Where has the rest of the money come from? Well, it hasnt, quite. Although the HLF has done its best in a negotiation that has taken over two years, the final grant of £17.5 million was only agreed on February 24 this year. The NLS has still to raise the matching funding, some £6 million in all. The parties to the deal remain patient and optimistic, but everyone knows that the last pound is the hardest to get. It will be an effort, which will tax the NLS, not over-staffed, to the limit. It is a reminder that libraries and museums, like the Fitzwilliam and the NLS, have other, more important, tasks than fund-raising. Yet that is what the Government, as passive over the Murray archive as it was over the Macclesfield library, seems quite content to see happen. Does it never occur to ministers that professional trained staff might be better employed doing their proper jobs than writing begging letters, hosting parties in exchange for sponsorship, and all the other expedients thrust on them by funding inadequate to their needs?

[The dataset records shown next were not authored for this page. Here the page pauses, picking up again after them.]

(* Let $G$ be a connected graph with a pair of vertices of order $h$ and a marking $S$. Let $v,v'$ be two vertices of $G$ joined by exactly $e\geq1$ edges, with weights $s$ and $s'$ where $s>s'$, and normalize the marking (by adding a constant vector) so that $s'=0$; assume $s\ge 2$. Let $G'$ be obtained from $G$ by thickening the edges between $v$ and $v'$. Then the group $\Phi(G')$ contains $(\mathbb{Z}/es\mathbb{Z})^{s-2}$ as a direct summand.
   Context: Graphs are finite, connected, may have multiple edges, no loops. With $c_{ij}$ ($i\neq j$) the number of edges joining $v_i,v_j$, $c_{ii}=-\sum_{j\ne i}c_{ij}$ and $M(G)=(c_{ij})$, one has $\mathbb{Z}^n/\mathrm{Im}(M(G))\cong\mathbb{Z}\times\Phi(G)$ with $\Phi(G)$ the finite torsion subgroup ($\mathrm{Im}$ = $\mathbb{Z}$-span of columns). A pair $\{v_i,v_j\}$ has order $h>0$ if there is $S=(s_1,\dots,s_n)^t\in\mathbb{Z}^n$ with $M(G)S=h(e_i-e_j)$ and $\gcd(s_1-s_n,\dots,s_{n-1}-s_n)=1$; $S$ is a marking and $s_k$ the weight of $v_k$; $S+\alpha(1,\dots,1)^t$ is also a marking. Thickening the $e$ edges between $v'$ (weight $s'$) and $v$ (weight $s>s'$): delete them, add new vertices $w_1,\dots,w_{s-s'-1}$, and with $w_0=v'$, $w_{s-s'}=v$, join $w_{k-1}$ and $w_k$ by $e(s-s')$ edges for $k=1,\dots,s-s'$. *)

theory Defs
  imports "HOL-Algebra.Algebra"
begin

text \<open>A multigraph on the vertex set {0..<n}: c i j = number of edges joining i and j.\<close>

definition multigraph :: "nat \<Rightarrow> (nat \<Rightarrow> nat \<Rightarrow> nat) \<Rightarrow> bool" where
  "multigraph n c \<longleftrightarrow> (\<forall>i j. c i j = c j i) \<and> (\<forall>i. c i i = 0)
     \<and> (\<forall>i j. (n \<le> i \<or> n \<le> j) \<longrightarrow> c i j = 0)"

definition connected_mg :: "nat \<Rightarrow> (nat \<Rightarrow> nat \<Rightarrow> nat) \<Rightarrow> bool" where
  "connected_mg n c \<longleftrightarrow> 0 < n \<and>
     (\<forall>i<n. \<forall>j<n. (\<lambda>x y. x < n \<and> y < n \<and> 0 < c x y)\<^sup>*\<^sup>* i j)"

definition lapM :: "nat \<Rightarrow> (nat \<Rightarrow> nat \<Rightarrow> nat) \<Rightarrow> nat \<Rightarrow> nat \<Rightarrow> int" where
  "lapM n c i j = (if i = j then - (\<Sum>k\<in>{..<n} - {i}. int (c i k)) else int (c i j))"

definition zvecs :: "nat \<Rightarrow> (nat \<Rightarrow> int) set" where
  "zvecs n = {x. \<forall>i\<ge>n. x i = 0}"

definition mat_vec :: "nat \<Rightarrow> (nat \<Rightarrow> nat \<Rightarrow> int) \<Rightarrow> (nat \<Rightarrow> int) \<Rightarrow> (nat \<Rightarrow> int)" where
  "mat_vec n A x = (\<lambda>i. if i < n then (\<Sum>j<n. A i j * x j) else 0)"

What has happened to the Goodison Review and the Treasurys Saving Art for the Nation initiative, now two years old? Precious little. Few of the forty-five recommendations have been implemented. The complex tax provisions still obstruct the transfer of heritage material from private to public ownership, export licensing procedure is unchanged, and the NHMF and HLF remain much as they were, with slightly less money and grant procedures still encumbered. Above all, none of the plans for concentrating and simplifying all the functions and regulations, grown up ad hoc since 1896, has been implemented. An MLA with real power to anticipate the heritage needs of the country is conspicuously, unarguably, needed. Yet the DCMS and the Treasury cling to these tasks, even though they cant comprehend them. Between 2001 and 2006, the DCMS will have increased funding for sport by 91 per cent, the arts by 63 per cent, and museums, libraries and archives by 26 per cent. A report by the London School of Economics says there is nothing for the last but to prepare for an orderly management of decline. Everyone is convinced that the Olympics craze will see yet more funds removed from what is already at the bottom of the pile.

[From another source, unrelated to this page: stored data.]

(* Let $\mu>0$, $\beta_1,\beta_2,\gamma_1,\gamma_2>0$, $0<\sigma_{21}\le\sigma_{12}\le 1$, $\mathcal R_i=\beta_i/(\gamma_i+\mu)$, and suppose $(\mathcal R_1,\mathcal R_2)\in\Omega^\mu$. Let $S^*$ be the $S$-component of the unique feasible steady state of system (M) with $I_1^*>0$, $I_2^*>0$. Then, for $i=1,2$, $1-\mathcal R_iS^*>0$ and $A_i>0$, where $A_1=\mathcal R_1\gamma_2\sigma_{21}(1-S^* )-(\gamma_2+\mu)(1-\mathcal R_1S^* )$ and $A_2=\mathcal R_2\gamma_1\sigma_{12}(1-S^* )-(\gamma_1+\mu)(1-\mathcal R_2S^* )$.
   Context: System (M) is the two-strain epidemic model for $(S,I_1,I_2,J_1,J_2,R_1,R_2,R_3)$ (the letters $R_1,R_2,R_3$ denote compartments, while $\mathcal R_1,\mathcal R_2$ denote numbers): $S'=\mu-\beta_1(I_1+J_1)S-\beta_2(I_2+J_2)S-\mu S$, $I_1'=\beta_1S(I_1+J_1)-(\mu+\gamma_1)I_1$, $I_2'=\beta_2S(I_2+J_2)-(\mu+\gamma_2)I_2$, $J_1'=\beta_1\sigma_{21}R_2(I_1+J_1)-(\mu+\gamma_1)J_1$, $J_2'=\beta_2\sigma_{12}R_1(I_2+J_2)-(\mu+\gamma_2)J_2$, $R_1'=\gamma_1I_1-\beta_2\sigma_{12}(I_2+J_2)R_1-\mu R_1$, $R_2'=\gamma_2I_2-\beta_1\sigma_{21}(I_1+J_1)R_2-\mu R_2$, $R_3'=\gamma_1J_1+\gamma_2J_2-\mu R_3$. A steady state is a zero of the right-hand side; it is feasible if all components are nonnegative and sum to 1. For $\mu\ge 0$, $\Omega^\mu=\Omega^\mu_1\cap\Omega^\mu_2$ where, for $\{i,j\}=\{1,2\}$, $\Omega^\mu_i=\left\{(\mathcal R_1,\mathcal R_2):\ \mathcal R_i>1,\ \mathcal R_j>\dfrac{(\gamma_i+\mu)\mathcal R_i}{(1+\sigma_{ij}(\mathcal R_i-1))\gamma_i+\mu}\right\}$. (For such parameters a unique feasible steady state with $I_1^*>0,I_2^*>0$ exists.) *)

theory Defs
  imports Complex_Main
begin

definition steady_state_M ::
  "real \<Rightarrow> real \<Rightarrow> real \<Rightarrow> real \<Rightarrow> real \<Rightarrow> real \<Rightarrow> real \<Rightarrow>
   real \<Rightarrow> real \<Rightarrow> real \<Rightarrow> real \<Rightarrow> real \<Rightarrow> real \<Rightarrow> real \<Rightarrow> real \<Rightarrow> bool" where
  "steady_state_M \<mu> \<beta>1 \<beta>2 \<gamma>1 \<gamma>2 \<sigma>12 \<sigma>21 S I1 I2 J1 J2 R1 R2 R3 \<longleftrightarrow>
     \<mu> - \<beta>1 * (I1 + J1) * S - \<beta>2 * (I2 + J2) * S - \<mu> * S = 0 \<and>
     \<beta>1 * S * (I1 + J1) - (\<mu> + \<gamma>1) * I1 = 0 \<and>
     \<beta>2 * S * (I2 + J2) - (\<mu> + \<gamma>2) * I2 = 0 \<and>
     \<beta>1 * \<sigma>21 * R2 * (I1 + J1) - (\<mu> + \<gamma>1) * J1 = 0 \<and>
     \<beta>2 * \<sigma>12 * R1 * (I2 + J2) - (\<mu> + \<gamma>2) * J2 = 0 \<and>
     \<gamma>1 * I1 - \<beta>2 * \<sigma>12 * (I2 + J2) * R1 - \<mu> * R1 = 0 \<and>
     \<gamma>2 * I2 - \<beta>1 * \<sigma>21 * (I1 + J1) * R2 - \<mu> * R2 = 0 \<and>
     \<gamma>1 * J1 + \<gamma>2 * J2 - \<mu> * R3 = 0"

definition feasible_M ::
  "real \<Rightarrow> real \<Rightarrow> real \<Rightarrow> real \<Rightarrow> real \<Rightarrow> real \<Rightarrow> real \<Rightarrow> real \<Rightarrow> bool" where
  "feasible_M S I1 I2 J1 J2 R1 R2 R3 \<longleftrightarrow>
     S \<ge> 0 \<and> I1 \<ge> 0 \<and> I2 \<ge> 0 \<and> J1 \<ge> 0 \<and> J2 \<ge> 0 \<and> R1 \<ge> 0 \<and> R2 \<ge> 0 \<and> R3 \<ge> 0 \<and>
     S + I1 + I2 + J1 + J2 + R1 + R2 + R3 = 1"

definition Omega1 :: "real \<Rightarrow> real \<Rightarrow> real \<Rightarrow> real \<Rightarrow> (real \<times> real) set" where
  "Omega1 \<mu> \<gamma>1 \<gamma>2 \<sigma>12 = {(Rn1, Rn2). Rn1 > 1 \<and>
     Rn2 > (\<gamma>1 + \<mu>) * Rn1 / ((1 + \<sigma>12 * (Rn1 - 1)) * \<gamma>1 + \<mu>)}"

definition Omega2 :: "real \<Rightarrow> real \<Rightarrow> real \<Rightarrow> real \<Rightarrow> (real \<times> real) set" where
  "Omega2 \<mu> \<gamma>1 \<gamma>2 \<sigma>21 = {(Rn1, Rn2). Rn2 > 1 \<and>
     Rn1 > (\<gamma>2 + \<mu>) * Rn2 / ((1 + \<sigma>21 * (Rn2 - 1)) * \<gamma>2 + \<mu>)}"

definition Omega :: "real \<Rightarrow> real \<Rightarrow> real \<Rightarrow> real \<Rightarrow> real \<Rightarrow> (real \<times> real) set" where
  "Omega \<mu> \<gamma>1 \<gamma>2 \<sigma>12 \<sigma>21 = Omega1 \<mu> \<gamma>1 \<gamma>2 \<sigma>12 \<inter> Omega2 \<mu> \<gamma>1 \<gamma>2 \<sigma>21"

end

theory Submission
  imports Defs
begin

text \<open>At an endemic steady state each strain i is exactly at replacement:
  \<open>\<beta>\<^sub>i (S + \<sigma>\<^sub>j\<^sub>i R\<^sub>j) = \<gamma>\<^sub>i + \<mu>\<close>, i.e.
  \<open>1 - \<R>\<^sub>i S = \<R>\<^sub>i \<sigma>\<^sub>j\<^sub>i R\<^sub>j\<close>, which is positive because the compartment
  \<open>R\<^sub>j\<close> is fed by \<open>I\<^sub>j > 0\<close>. Substituting this into \<open>A\<^sub>i\<close> gives
  \<open>A\<^sub>i = \<R>\<^sub>i \<sigma>\<^sub>j\<^sub>i (\<gamma>\<^sub>j (1 - S) - (\<gamma>\<^sub>j + \<mu>) R\<^sub>j)\<close>, and the steady-state equation for
  \<open>R\<^sub>j\<close> together with \<open>S + \<dots> + R\<^sub>3 = 1\<close> rewrites the bracket as a sum of nonnegative
  terms containing \<open>\<gamma>\<^sub>j I\<^sub>i > 0\<close>. The argument only uses the equations of
  one strain and the recovered class of the other, so it is applied once per strain;
  the hypothesis on \<open>\<Omega>\<^sup>\<mu>\<close> and the ordering of the \<open>\<sigma>\<close>'s are only needed for the
  existence of the steady state, not for these inequalities.\<close>

lemma replacement_at_endemic_state:
  fixes \<beta> \<sigma> \<mu> \<gamma> S I J R :: real
  assumes "\<beta> * S * (I + J) - (\<mu> + \<gamma>) * I = 0"
    and "\<beta> * \<sigma> * R * (I + J) - (\<mu> + \<gamma>) * J = 0"
    and "I + J > 0"
  shows "\<beta> * (S + \<sigma> * R) = \<gamma> + \<mu>"
proof -
  have "(I + J) * (\<beta> * (S + \<sigma> * R)) = (I + J) * (\<gamma> + \<mu>)"
    using assms(1,2) by (simp add: algebra_simps)
  then show ?thesis using assms(3) by simp
qed

lemma recovered_pos_of_infected_pos:
  fixes \<gamma> \<mu> \<kappa> I R :: real
  assumes "\<gamma> * I - \<kappa> * R - \<mu> * R = 0"
    and "\<gamma> > 0" "I > 0" "\<kappa> \<ge> 0" "\<mu> > 0"
  shows "R > 0"
proof -
  have "R * (\<kappa> + \<mu>) = \<gamma> * I" using assms(1) by (simp add: algebra_simps)
  moreover have "\<gamma> * I > 0" "\<kappa> + \<mu> > 0" using assms(2-5) by simp_all
  ultimately show ?thesis by (metis zero_less_mult_pos2)
qed

lemma strain_threshold_inequalities:
  fixes \<mu> \<beta> \<gamma> \<gamma>' \<sigma> S I J I' R' :: real
  assumes "\<mu> > 0" "\<beta> > 0" "\<gamma> > 0" "\<gamma>' > 0" "\<sigma> > 0"
    and infection: "\<beta> * S * (I + J) - (\<mu> + \<gamma>) * I = 0"
    and reinfection: "\<beta> * \<sigma> * R' * (I + J) - (\<mu> + \<gamma>) * J = 0"
    and recovery: "\<gamma>' * I' - \<beta> * \<sigma> * (I + J) * R' - \<mu> * R' = 0"
    and "I > 0" "J \<ge> 0" "I' > 0"
    and "S + I + I' + R' \<le> 1"
  shows "1 - \<beta> / (\<gamma> + \<mu>) * S > 0 \<and>
         \<beta> / (\<gamma> + \<mu>) * \<gamma>' * \<sigma> * (1 - S) - (\<gamma>' + \<mu>) * (1 - \<beta> / (\<gamma> + \<mu>) * S) > 0"
proof -
  define \<R> where "\<R> = \<beta> / (\<gamma> + \<mu>)"
  have "\<R> > 0" using assms(1-3) by (simp add: \<R>_def)
  have infected: "I + J > 0" using \<open>I > 0\<close> \<open>J \<ge> 0\<close> by linarith
  have "\<beta> * (S + \<sigma> * R') = \<gamma> + \<mu>"
    using replacement_at_endemic_state[OF infection reinfection infected] .
  then have deficit: "1 - \<R> * S = \<R> * \<sigma> * R'"
    using assms(1,3) by (simp add: \<R>_def field_simps)
  have "R' > 0"
    using recovered_pos_of_infected_pos[of \<gamma>' I' "\<beta> * \<sigma> * (I + J)" R' \<mu>]
      recovery assms(1,2,4,5) \<open>I' > 0\<close> infected by simp
  have "\<gamma>' * (1 - S) - (\<gamma>' + \<mu>) * R' =
        \<gamma>' * (1 - S - I' - R') + \<beta> * \<sigma> * (I + J) * R'"
    using recovery by (simp add: algebra_simps)
  moreover have "\<gamma>' * (1 - S - I' - R') > 0"
    using \<open>\<gamma>' > 0\<close> \<open>I > 0\<close> \<open>S + I + I' + R' \<le> 1\<close> by simp
  moreover have "\<beta> * \<sigma> * (I + J) * R' > 0"
    using assms(2,5) infected \<open>R' > 0\<close> by simp
  ultimately have bracket: "\<gamma>' * (1 - S) - (\<gamma>' + \<mu>) * R' > 0" by linarith
  have "\<R> * \<gamma>' * \<sigma> * (1 - S) - (\<gamma>' + \<mu>) * (1 - \<R> * S) =
        \<R> * \<sigma> * (\<gamma>' * (1 - S) - (\<gamma>' + \<mu>) * R')"
    unfolding deficit by (simp add: algebra_simps)
  with deficit bracket \<open>\<R> > 0\<close> \<open>\<sigma> > 0\<close> \<open>R' > 0\<close>
  have "1 - \<R> * S > 0 \<and> \<R> * \<gamma>' * \<sigma> * (1 - S) - (\<gamma>' + \<mu>) * (1 - \<R> * S) > 0"
    by (simp del: times_divide_eq_left times_divide_eq_right)
  then show ?thesis unfolding \<R>_def .
qed

theorem lemma3p4:
  fixes \<mu> \<beta>1 \<beta>2 \<gamma>1 \<gamma>2 \<sigma>12 \<sigma>21 :: real
    and S I1 I2 J1 J2 R1 R2 R3 :: real
  assumes "\<mu> > 0" "\<beta>1 > 0" "\<beta>2 > 0" "\<gamma>1 > 0" "\<gamma>2 > 0"
    and "0 < \<sigma>21" "\<sigma>21 \<le> \<sigma>12" "\<sigma>12 \<le> 1"
    and "(\<beta>1 / (\<gamma>1 + \<mu>), \<beta>2 / (\<gamma>2 + \<mu>)) \<in> Omega \<mu> \<gamma>1 \<gamma>2 \<sigma>12 \<sigma>21"
    and "steady_state_M \<mu> \<beta>1 \<beta>2 \<gamma>1 \<gamma>2 \<sigma>12 \<sigma>21 S I1 I2 J1 J2 R1 R2 R3"
    and "feasible_M S I1 I2 J1 J2 R1 R2 R3"
    and "I1 > 0" "I2 > 0"
  shows "1 - \<beta>1 / (\<gamma>1 + \<mu>) * S > 0 \<and> 1 - \<beta>2 / (\<gamma>2 + \<mu>) * S > 0 \<and>
         \<beta>1 / (\<gamma>1 + \<mu>) * \<gamma>2 * \<sigma>21 * (1 - S) - (\<gamma>2 + \<mu>) * (1 - \<beta>1 / (\<gamma>1 + \<mu>) * S) > 0 \<and>
         \<beta>2 / (\<gamma>2 + \<mu>) * \<gamma>1 * \<sigma>12 * (1 - S) - (\<gamma>1 + \<mu>) * (1 - \<beta>2 / (\<gamma>2 + \<mu>) * S) > 0"
proof -
  note steady = assms(10)[unfolded steady_state_M_def]
  note feasible = assms(11)[unfolded feasible_M_def]
  have "\<sigma>12 > 0" using assms(6,7) by linarith
  have strain1: "1 - \<beta>1 / (\<gamma>1 + \<mu>) * S > 0 \<and>
      \<beta>1 / (\<gamma>1 + \<mu>) * \<gamma>2 * \<sigma>21 * (1 - S) - (\<gamma>2 + \<mu>) * (1 - \<beta>1 / (\<gamma>1 + \<mu>) * S) > 0"
    using steady feasible assms(1,2,4-6,12,13)
    by (intro strain_threshold_inequalities[where \<beta> = \<beta>1 and \<gamma> = \<gamma>1 and \<gamma>' = \<gamma>2 and \<sigma> = \<sigma>21
        and I = I1 and J = J1 and I' = I2 and R' = R2]) auto
  have strain2: "1 - \<beta>2 / (\<gamma>2 + \<mu>) * S > 0 \<and>
      \<beta>2 / (\<gamma>2 + \<mu>) * \<gamma>1 * \<sigma>12 * (1 - S) - (\<gamma>1 + \<mu>) * (1 - \<beta>2 / (\<gamma>2 + \<mu>) * S) > 0"
    using steady feasible assms(1,3-5,12,13) \<open>\<sigma>12 > 0\<close>
    by (intro strain_threshold_inequalities[where \<beta> = \<beta>2 and \<gamma> = \<gamma>2 and \<gamma>' = \<gamma>1 and \<sigma> = \<sigma>12
        and I = I2 and J = J2 and I' = I1 and R' = R1]) auto
  show ?thesis using strain1 strain2 by blast
qed

end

Culture has always led a threatened life. Jennie Lee was the first and last minister to achieve positive good, and the post since has always been held by those who, for one reason or another, have passed their sell-by date. Many tried hard, and there have been some successes to set against the general downward drift. Whether the Lottery has been an effective substitute for direct investment from taxation is doubtful, but it has made a dent in the Treasurys monolithic opposition to spending on what it regards as something frivolous, despite evidence to the contrary, such as the TV ratings for Restoration and the fact that no fewer than 50 per cent of all schoolchildren visit museums. But the outlook is not good. If Macclesfield has gone and Murray is still in the balance, there is plenty left that needs help. What about protecting the heritage in situ, a cheaper and better option than the slow cumbrous drift into underfunded repositories? Perhaps that is too much to ask, but a properly funded MLA would be a big first step in the right direction.